For further details regarding solutions for deployment in an actual Radio Access Network (RAN), we recommend registering for the [NVIDIA 6G Developer Program](https://developer.nvidia.com/6g-program).



[
](notebooks/jumpstart_tutorial.ipynb)



## Summary



We introduce a neural network (NN)-based multi-user multiple-input

multiple-output (MU-MIMO) receiver with full 5G New Radio (5G NR) physical

uplink shared channel (PUSCH) compatibility based on graph and convolutional

neural network (CGNN) components. The proposed architecture can be easily

re-parametrized to an arbitrary number of sub-carriers and supports a varying

number of users without the need for any additional re-training. The receiver

operates on an entire 5G NR slot, i.e., it processes the entire received

orthogonal frequency division multiplexing (OFDM) time-frequency resource grid

by jointly performing channel estimation, equalization, and demapping. We show

the importance of a carefully designed training process such that the trained

receiver does not overfit to a specific channel realization and remains

universal for a wide range of different unseen channel conditions. A particular

focus of the architecture design is put on the real-time inference capability

such that the receiver can be executed within 1 ms latency on an NVIDIA A100

GPU.



[
](notebooks/real_time_nrx.ipynb)



## Setup



Running this code requires [Sionna 0.18](https://nvlabs.github.io/sionna/).

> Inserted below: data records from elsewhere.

lemma small_gaps:
  "\<exists>C0>0. \<forall>n\<ge>1. \<exists>X. \<alpha> * real (q n) \<le> X \<and> 2 \<le> spec_count \<alpha> X
     \<and> real (spec_count \<alpha> X) \<le> C0 * real (q n) powr (1 + \<epsilon>)
     \<and> delta_min \<alpha> (spec_count \<alpha> X) \<le> 16 * K / real (q n)"
proof -
  define C0 where "C0 = 25 * (\<alpha> / c1 ^ 2 + (\<alpha> + K) powr (1 + \<epsilon>) / c2 ^ 2) / sqrt \<alpha>"
  have "C0 > 0" unfolding C0_def using alpha_pos K_pos c1_pos c2_pos by (simp add: add_pos_pos)
  moreover have "\<exists>X. \<alpha> * real (q n) \<le> X \<and> 2 \<le> spec_count \<alpha> X
     \<and> real (spec_count \<alpha> X) \<le> C0 * real (q n) powr (1 + \<epsilon>)
     \<and> delta_min \<alpha> (spec_count \<alpha> X) \<le> 16 * K / real (q n)" if n: "1 \<le> n" for n
  proof -
    have "p n > 0" "q n > 0" "\<bar>\<alpha> * real (q n) - real (p n)\<bar> \<le> K / real (q n)"
      "balanced_divisor c1 (\<epsilon>/2) (q n)" "balanced_divisor c2 (\<epsilon>/2) (p n)"
      using n positive approximation q_balanced p_balanced by auto
    from small_gap_of_approximation[OF alpha_pos alpha_irrational eps_nonneg c1_pos c2_pos this]
    show ?thesis unfolding C0_def by blast
  qed
  ultimately show ?thesis by blast
qed

lemma delta_min_le_of_small_gap:
  assumes "real N \<le> C0 * real (q n) powr (1 + \<epsilon>)" "delta_min \<alpha> M \<le> 16 * K / real (q n)"
    "C0 > 0" "1 \<le> n" "1 \<le> N"
  shows "delta_min \<alpha> M \<le> 16 * K * C0 powr (1 - \<epsilon>) * real N powr (-1 + \<epsilon>)"
proof -
  have "1 / real (q n) \<le> C0 powr (1 - \<epsilon>) * real N powr (-1 + \<epsilon>)"
    using assms index_le_q[of n] eps_nonneg eps_le_1
    by (intro inverse_le_powr_of_le_powr) auto
  then have "16 * K * (1 / real (q n)) \<le> 16 * K * (C0 powr (1 - \<epsilon>) * real N powr (-1 + \<epsilon>))"
    using K_pos by (intro mult_left_mono) auto
  then show ?thesis using assms(2) by (simp add: mult.assoc)
qed

lemma frequently_delta_min_le:
  assumes "\<epsilon> \<le> \<epsilon>'"
  shows "\<exists>C>0. \<exists>\<^sub>\<infinity>N. delta_min \<alpha> N \<le> C * real N powr (-1 + \<epsilon>')"
proof -
  obtain C0 where "C0 > 0" and gaps: "\<forall>n\<ge>1. \<exists>X. \<alpha> * real (q n) \<le> X \<and> 2 \<le> spec_count \<alpha> X
     \<and> real (spec_count \<alpha> X) \<le> C0 * real (q n) powr (1 + \<epsilon>)
     \<and> delta_min \<alpha> (spec_count \<alpha> X) \<le> 16 * K / real (q n)"
    using small_gaps by blast
  have "\<exists>N\<ge>m. delta_min \<alpha> N \<le> 16 * K * C0 powr (1 - \<epsilon>) * real N powr (-1 + \<epsilon>')" for m
  proof -
    define n where "n = 1 + nat \<lceil>real m ^ 2 / \<alpha>\<rceil>"
    have "1 \<le> n" unfolding n_def by simp
    have "real m ^ 2 / \<alpha> + 1 \<le> real (q n)"
      using index_le_q[OF \<open>1 \<le> n\<close>] unfolding n_def by linarith
    then have m: "\<alpha> + real m ^ 2 \<le> \<alpha> * real (q n)"
      using alpha_pos by (simp add: field_simps)
    obtain X where X: "\<alpha> * real (q n) \<le> X" "2 \<le> spec_count \<alpha> X"
      "real (spec_count \<alpha> X) \<le> C0 * real (q n) powr (1 + \<epsilon>)"
      "delta_min \<alpha> (spec_count \<alpha> X) \<le> 16 * K / real (q n)"
      using gaps \<open>1 \<le> n\<close> by blast
    have "m \<le> spec_count \<alpha> X"
      using spec_count_ge[OF alpha_pos] m X(1) by simp
    moreover have "delta_min \<alpha> (spec_count \<alpha> X)
        \<le> 16 * K * C0 powr (1 - \<epsilon>) * real (spec_count \<alpha> X) powr (-1 + \<epsilon>)"
      using delta_min_le_of_small_gap[OF X(3,4) \<open>C0 > 0\<close> \<open>1 \<le> n\<close>] X(2) by simp
    moreover have "16 * K * C0 powr (1 - \<epsilon>) * real (spec_count \<alpha> X) powr (-1 + \<epsilon>)
        \<le> 16 * K * C0 powr (1 - \<epsilon>) * real (spec_count \<alpha> X) powr (-1 + \<epsilon>')"
      using mult_powr_exponent_mono[OF assms] K_pos by simp
    ultimately show ?thesis by (meson order_trans)
  qed
  then show ?thesis
    using \<open>C0 > 0\<close> K_pos unfolding cofinite_eq_sequentially frequently_sequentially
    by (intro exI[of _ "16 * K * C0 powr (1 - \<epsilon>)"]) auto
qed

To run the notebooks on your machine, you also need [Jupyter](https://jupyter.org).

We recommend Ubuntu 22.04, Python 3.10, and TensorFlow 2.15.



For [TensorRT](https://developer.nvidia.com/tensorrt), we recommend version 9.6 and newer.

For [ONNX](https://onnx.ai/) exporting, the Python package `onnx==1.14` is required (`onnx==1.15` does not work due to a known bug).



## Structure of this repository



This repository is structured in the following way:

- [config](config/) contains the system configurations for different experiments

- [notebooks](notebooks/) contains tutorials and code examples

- [scripts](scripts/) contains the scripts to train, evaluate and debug the NRX

- [utils](utils/) contains the NRX definition and all Python utilities

- [weights](weights/) contains weights of pre-trained neural receivers for different configuration files

- [results](results/) contains pre-computed BLER performance results



The following two folders will be generated locally:

- `logs` contains log files of the training

- `onnx_models` contains exported ONNX neural receiver models

- `data` contains a ray tracing-based dataset of channel realizations for site-specific evaluation



We recommend starting with the [Jumpstart NRX Tutorial notebook](notebooks/jumpstart_tutorial.ipynb) for a detailed introduction and overview of the project.



## References



[1] S. Cammerer, F. Aït Aoudia, J. Hoydis, A. Oeldemann, A. Roessler, T. Mayer, and A. Keller, "[A Neural Receiver for 5G NR Multi-user MIMO](https://arxiv.org/pdf/2312.02601)", IEEE Workshops (GC Wkshps), Dec. 2023.



[2] R. Wiesmayr, S. Cammerer, F. Aït Aoudia, J. Hoydis, J. Zakrzewski, and A. Keller, "[Design of a Standard-Compliant Real-Time Neural Receiver for 5G NR](https://arxiv.org/abs/2409.02912)", arxiv preprint, 2024.



[3] F. Aït Aoudia and J. Hoydis, "[End-to-end Learning for OFDM: From Neural Receivers to Pilotless Communication](https://arxiv.org/pdf/2009.05261)", IEEE Trans on Wireless Commun., 2021.



## License



Copyright © 2024, NVIDIA Corporation. All rights reserved.



This work is made available under the [NVIDIA License](LICENSE.txt).



# Citation



```

@software{neural_rx,

    title = {Real-time 5G NR Multi-user MIMO Receivers},

    author = {Sebastian Cammerer, Reinhard Wiesmayr, Fayçal Aït Aoudia, Jakob Hoydis, Tommi Koivisto, Jakub Zakrzewski, Ruqing Xu, Pawel Morkisz, Chris Dick, and Alexander Keller},

    note = {https://github.com/NVlabs/neural-rx},

    year = 2024

}

```



# Acknowledgement



This work has received financial support from the European Union under

Grant Agreement 101096379 (CENTRIC). Views and opinions expressed are

however those of the author(s) only and do not necessarily reflect those of the

European Union or the European Commission (granting authority). Neither the

European Union nor the granting authority can be held responsible for them.